(Provided entries Opens)
text \<open>theta_T approaches c from above at rate O(1/T): the defect 1 - tanh(theta T/2) is
  exponentially small, and artanh is Lipschitz near t.\<close>
lemma theta_bound:
  fixes T :: nat and \<theta> c t :: real
  assumes T: "T \<ge> 2" and th: "\<theta> > 0" and k: "Qdefect T \<theta> = t" and c: "c > 0" "tanh c = t"
    and t: "0 < t" "t < 1" and small: "2 * exp (- real T * c) \<le> (1 - t) / 2"
  shows "real T * (\<theta> - c) \<le> (1 + 2 / (1 - t)) / c" and "c \<le> \<theta>"
proof -
  have tl: "tanh (\<theta> * T / 2) < 1" by (rule tanh_real_lt_1)
  have "tanh \<theta> * tanh (\<theta> * T / 2) < tanh \<theta> * 1" using th tl by (intro mult_strict_left_mono) auto
  then have "tanh c < tanh \<theta>" using k c by (simp add: Qdefect_def)
  then have ct: "c < \<theta>" by simp
  then show "c \<le> \<theta>" by simp
  have "tanh \<theta> - t = tanh \<theta> * (1 - tanh (\<theta> * T / 2))" using k by (simp add: Qdefect_def algebra_simps)
  also have "\<dots> \<le> 1 * (1 - tanh (c * T / 2))"
    using th tl ct T tanh_real_lt_1[of \<theta>] by (intro mult_mono) (auto simp: divide_right_mono mult_right_mono)
  also have "\<dots> \<le> 2 * exp (- real T * c)"
    using one_minus_tanh_le[of "c * T / 2"] by (simp add: mult.commute)
  finally have yt: "tanh \<theta> - t \<le> 2 * exp (- real T * c)" .
  have "2 * (\<theta> - c) \<le> (tanh \<theta> - t) * (1 + 2 / (1 - t))"
    using yt small c \<open>tanh c < tanh \<theta>\<close> t
    by (intro artanh_increment_bound[OF c(2) refl]) (auto simp: tanh_real_lt_1)
  also have "\<dots> \<le> 2 * exp (- real T * c) * (1 + 2 / (1 - t))"
    using yt t by (intro mult_right_mono) auto
  finally have d1: "\<theta> - c \<le> exp (- real T * c) * (1 + 2 / (1 - t))" by simp
  have "real T * exp (- real T * c) \<le> 1 / c"
  proof -
    have "real T * c \<le> exp (real T * c)" using exp_ge_add_one_self[of "real T * c"] by linarith
    then show ?thesis using c by (simp add: exp_minus field_simps)
  qed
  moreover have "1 + 2 / (1 - t) \<ge> 0" using t by simp
  ultimately have "(real T * exp (- real T * c)) * (1 + 2 / (1 - t)) \<le> (1 / c) * (1 + 2 / (1 - t))"
    by (rule mult_right_mono)
  moreover have "real T * (\<theta> - c) \<le> real T * (exp (- real T * c) * (1 + 2 / (1 - t)))"
    using d1 by (intro mult_left_mono) auto
  ultimately show "real T * (\<theta> - c) \<le> (1 + 2 / (1 - t)) / c" by simp
qed

text \<open>The closed form of Q^1_T is comparable to e^{-theta T}, hence to e^{-c T}.\<close>
lemma sinh_ratio_lower:
  fixes T :: nat and \<theta> c t K :: real
  assumes T: "T \<ge> 1" and th: "\<theta> > 0" and tt: "tanh \<theta> \<ge> t" and t: "0 < t"
    and K: "real T * (\<theta> - c) \<le> K"
  shows "2 * t * exp (- K) * exp (- real T * c) \<le> sinh \<theta> / (cosh \<theta> * sinh (\<theta> * T))"
proof -
  have sp: "sinh (\<theta> * T) > 0" using T th by simp
  have "sinh (\<theta> * T) \<le> exp (\<theta> * T) / 2" unfolding sinh_field_def by (simp add: divide_right_mono)
  have "2 * t * exp (- K) * exp (- real T * c) = 2 * t * exp (- (K + real T * c))"
    by (simp add: exp_add[symmetric] algebra_simps)
  also have "\<dots> \<le> 2 * t * exp (- (\<theta> * T))"
    using K t by (intro mult_left_mono) (auto simp: algebra_simps)
  also have "\<dots> = t / (exp (\<theta> * T) / 2)" by (simp add: exp_minus field_simps)
  also have "\<dots> \<le> t / sinh (\<theta> * T)"
    using sp t \<open>sinh (\<theta> * T) \<le> exp (\<theta> * T) / 2\<close> by (intro divide_left_mono) auto
  also have "\<dots> \<le> tanh \<theta> / sinh (\<theta> * T)" using tt sp by (simp add: divide_right_mono)
  also have "\<dots> = sinh \<theta> / (cosh \<theta> * sinh (\<theta> * T))" by (simp add: tanh_def)
  finally show ?thesis .
qed

lemma Q1_lower_bound:
  assumes d: "\<delta> > 0"
  obtains K where "K > 0" and "\<And>T. T \<ge> 2 \<Longrightarrow> 4 * exp (- real T * c_delta \<delta>) \<le> exp (- \<delta>) \<Longrightarrow>
      K * exp (- real T * c_delta \<delta>) \<le> 2 * exp \<delta> * Q1 T (phi \<delta> T)"
proof -
  define t where "t = 1 - exp (- \<delta>)"
  define c where "c = c_delta \<delta>"
  have t: "0 < t" "t < 1" using d by (auto simp: t_def)
  have c: "tanh c = t" "c > 0" using c_delta_props[OF d] by (auto simp: c_def t_def)
  define K where "K = (1 + 2 / (1 - t)) / c"
  show ?thesis
  proof (rule that[of "exp \<delta> * (2 * t * exp (- K))"])
    show "exp \<delta> * (2 * t * exp (- K)) > 0" using t by simp
    fix T :: nat assume T: "T \<ge> 2" and small: "4 * exp (- real T * c_delta \<delta>) \<le> exp (- \<delta>)"
    obtain \<theta> where th: "\<theta> > 0" "Qdefect T \<theta> = t" using Qdefect_surj[OF t T] .
    have "2 * exp (- real T * c) \<le> (1 - t) / 2" using small by (simp add: c_def t_def)
    from theta_bound[OF T th c(2,1) t this]
    have "real T * (\<theta> - c) \<le> K" "tanh c \<le> tanh \<theta>" by (simp_all add: K_def)
    then have "2 * t * exp (- K) * exp (- real T * c) \<le> sinh \<theta> / (cosh \<theta> * sinh (\<theta> * T))"
      using T th c t by (intro sinh_ratio_lower) auto
    also have "\<dots> = 2 * Q1 T (phi \<delta> T)"
      using Q1_at_phi[OF d T th(1)] th(2) by (simp add: t_def)
    finally show "exp \<delta> * (2 * t * exp (- K)) * exp (- real T * c_delta \<delta>) \<le> 2 * exp \<delta> * Q1 T (phi \<delta> T)"
      by (simp add: c_def mult_ac)
  qed
qed

lemma scaled_variance_to_infinity:
  fixes \<delta> :: real and T :: "nat \<Rightarrow> nat"
  assumes d: "\<delta> > 0" and T: "filterlim T at_top sequentially"
    and growth: "filterlim (\<lambda>N. real (T N) - ln (real N) / c_delta \<delta>) at_bot sequentially"
  shows "filterlim (\<lambda>N. 2 * exp \<delta> * Q1 (T N) (phi \<delta> (T N)) * real N) at_top sequentially"
proof -
  define c where "c = c_delta \<delta>"
  have c: "c > 0" using c_delta_props[OF d] by (simp add: c_def)
  obtain K where K: "K > 0" "\<And>T. T \<ge> 2 \<Longrightarrow> 4 * exp (- real T * c) \<le> exp (- \<delta>) \<Longrightarrow>
      K * exp (- real T * c) \<le> 2 * exp \<delta> * Q1 T (phi \<delta> T)"
    using Q1_lower_bound[OF d] unfolding c_def by blast
  have "filterlim (\<lambda>N. real (T N) * c) at_top sequentially"
    using c by (intro filterlim_at_top_mult_tendsto_pos[OF tendsto_const]
        filterlim_compose[OF filterlim_real_sequentially T]) auto
  then have "((\<lambda>N. 4 * exp (- real (T N) * c)) \<longlongrightarrow> 4 * 0) sequentially"
    by (intro tendsto_mult tendsto_const filterlim_compose[OF exp_at_bot])
       (simp add: filterlim_uminus_at_bot)
  then have "eventually (\<lambda>N. 4 * exp (- real (T N) * c) < exp (- \<delta>)) sequentially"
    by (rule order_tendstoD(2)) simp
  then have small: "eventually (\<lambda>N. 4 * exp (- real (T N) * c) \<le> exp (- \<delta>)) sequentially"
    by (rule eventually_mono) simp
  have "filterlim (\<lambda>N. c * - (real (T N) - ln (real N) / c)) at_top sequentially"
    using c growth by (intro filterlim_tendsto_pos_mult_at_top[OF tendsto_const])
      (auto simp: filterlim_uminus_at_top c_def)
  then have "filterlim (\<lambda>N. exp (c * - (real (T N) - ln (real N) / c))) at_top sequentially"
    by (rule filterlim_compose[OF exp_at_top])
  moreover have "eventually (\<lambda>N. exp (c * - (real (T N) - ln (real N) / c)) = real N * exp (- real (T N) * c)) sequentially"
    using eventually_ge_at_top[of 1]
  proof eventually_elim
    case (elim N)
    have "c * - (real (T N) - ln (real N) / c) = ln (real N) + - real (T N) * c"
      using c by (simp add: field_simps)
    moreover have "exp (ln (real N) + - real (T N) * c) = real N * exp (- real (T N) * c)"
      using elim by (simp only: exp_add) simp
    ultimately show ?case by simp
  qed
  ultimately have "filterlim (\<lambda>N. K * (real N * exp (- real (T N) * c))) at_top sequentially"
    using K(1) by (intro filterlim_tendsto_pos_mult_at_top[OF tendsto_const])
      (auto simp: filterlim_cong[OF refl refl])
  moreover have "eventually (\<lambda>N. K * (real N * exp (- real (T N) * c)) \<le>
      2 * exp \<delta> * Q1 (T N) (phi \<delta> (T N)) * real N) sequentially"
    using small eventually_compose_filterlim[OF eventually_ge_at_top[of 2] T]
  proof eventually_elim
    case (elim N)
    then have "real N * (K * exp (- real (T N) * c)) \<le> real N * (2 * exp \<delta> * Q1 (T N) (phi \<delta> (T N)))"
      using K(2)[of "T N"] by (intro mult_left_mono) auto
    then show ?case by (simp add: mult_ac)
  qed
  ultimately show ?thesis by (rule filterlim_at_top_mono)
qed

section \<open>The law of the crossing increments\<close>

lemma nn_integral_fibre_sums:
  fixes f :: "nat \<times> int \<Rightarrow> real"
  assumes nn: "\<And>x. f x \<ge> 0" and s: "(\<lambda>n. f (n, j)) sums s"
  shows "(\<integral>\<^sup>+x. ennreal (f x) * indicator {x. snd x = j} x \<partial>count_space UNIV) = ennreal s"
proof -
  have "(\<integral>\<^sup>+x. ennreal (f x) * indicator {x. snd x = j} x \<partial>count_space UNIV) =
        (\<integral>\<^sup>+x. ennreal (f x) \<partial>count_space {x. snd x = j})"
    by (rule nn_integral_count_space_indicator[symmetric]) simp
  also have "\<dots> = (\<integral>\<^sup>+n. ennreal (f (n, j)) \<partial>count_space UNIV)"
    by (rule nn_integral_bij_count_space[symmetric, where g = "\<lambda>n. (n, j)"])
       (auto simp: bij_betw_def inj_on_def image_def)
  also have "\<dots> = (\<Sum>n. ennreal (f (n, j)))" by (rule nn_integral_count_space_nat)
  also have "\<dots> = ennreal s" by (rule suminf_ennreal_eq) (use nn s in auto)
  finally show ?thesis .
qed

lemma nn_integral_finite_fibres:
  fixes f :: "nat \<times> int \<Rightarrow> real"
  assumes nn: "\<And>x. f x \<ge> 0" and s: "\<And>j. (\<lambda>n. f (n, j)) sums s j"
    and supp: "\<And>x. snd x \<notin> J \<Longrightarrow> f x = 0" and J: "finite J"
  shows "(\<integral>\<^sup>+x. ennreal (f x) \<partial>count_space UNIV) = ennreal (\<Sum>j\<in>J. s j)"
proof -
  have "(\<integral>\<^sup>+x. ennreal (f x) \<partial>count_space UNIV) =
      (\<integral>\<^sup>+x. (\<Sum>j\<in>J. ennreal (f x) * indicator {x. snd x = j} x) \<partial>count_space UNIV)"
  proof (rule nn_integral_cong)
    fix x :: "nat \<times> int"
    show "ennreal (f x) = (\<Sum>j\<in>J. ennreal (f x) * indicator {x. snd x = j} x)"
    proof (cases "snd x \<in> J")
      case True
      then have "(\<Sum>j\<in>J. ennreal (f x) * indicator {x. snd x = j} x) =
                   (\<Sum>j\<in>{snd x}. ennreal (f x) * indicator {x. snd x = j} x)"
        using J by (intro sum.mono_neutral_right) (auto simp: indicator_def)
      then show ?thesis by simp
    qed (simp add: supp)
  qed
  also have "\<dots> = (\<Sum>j\<in>J. \<integral>\<^sup>+x. ennreal (f x) * indicator {x. snd x = j} x \<partial>count_space UNIV)"
    by (rule nn_integral_sum) simp
  also have "\<dots> = (\<Sum>j\<in>J. ennreal (s j))" using nn_integral_fibre_sums[OF nn s] by simp
  also have "\<dots> = ennreal (\<Sum>j\<in>J. s j)"
    using sums_le[OF _ sums_zero s] nn by (intro sum_ennreal) auto
  finally show ?thesis .
qed

definition step_weight :: "real \<Rightarrow> nat \<Rightarrow> nat \<times> int \<Rightarrow> real" where
  "step_weight \<delta> T = (\<lambda>(n, j). if n \<ge> 1 \<and> j \<in> {-1, 0, 1}
     then exp \<delta> * qT T \<bar>j\<bar> n * exp (- phi \<delta> T * real n) else 0)"

definition crossing_mass :: "real \<Rightarrow> nat \<Rightarrow> int \<Rightarrow> real" where
  "crossing_mass \<delta> T j =
     (if j \<in> {-1, 0, 1} then exp \<delta> * (\<Sum>n. exp (- phi \<delta> T * real n) * qT T \<bar>j\<bar> n) else 0)"

lemma step_weight_nonneg: "step_weight \<delta> T x \<ge> 0"
  by (auto simp: step_weight_def qT_nonneg split: prod.splits)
(Provided entries Closes)
§ What the task requires
Each line above that contains the string "symmetric" counts once; give the number of such lines and nothing more.

§ Solution to this problem
3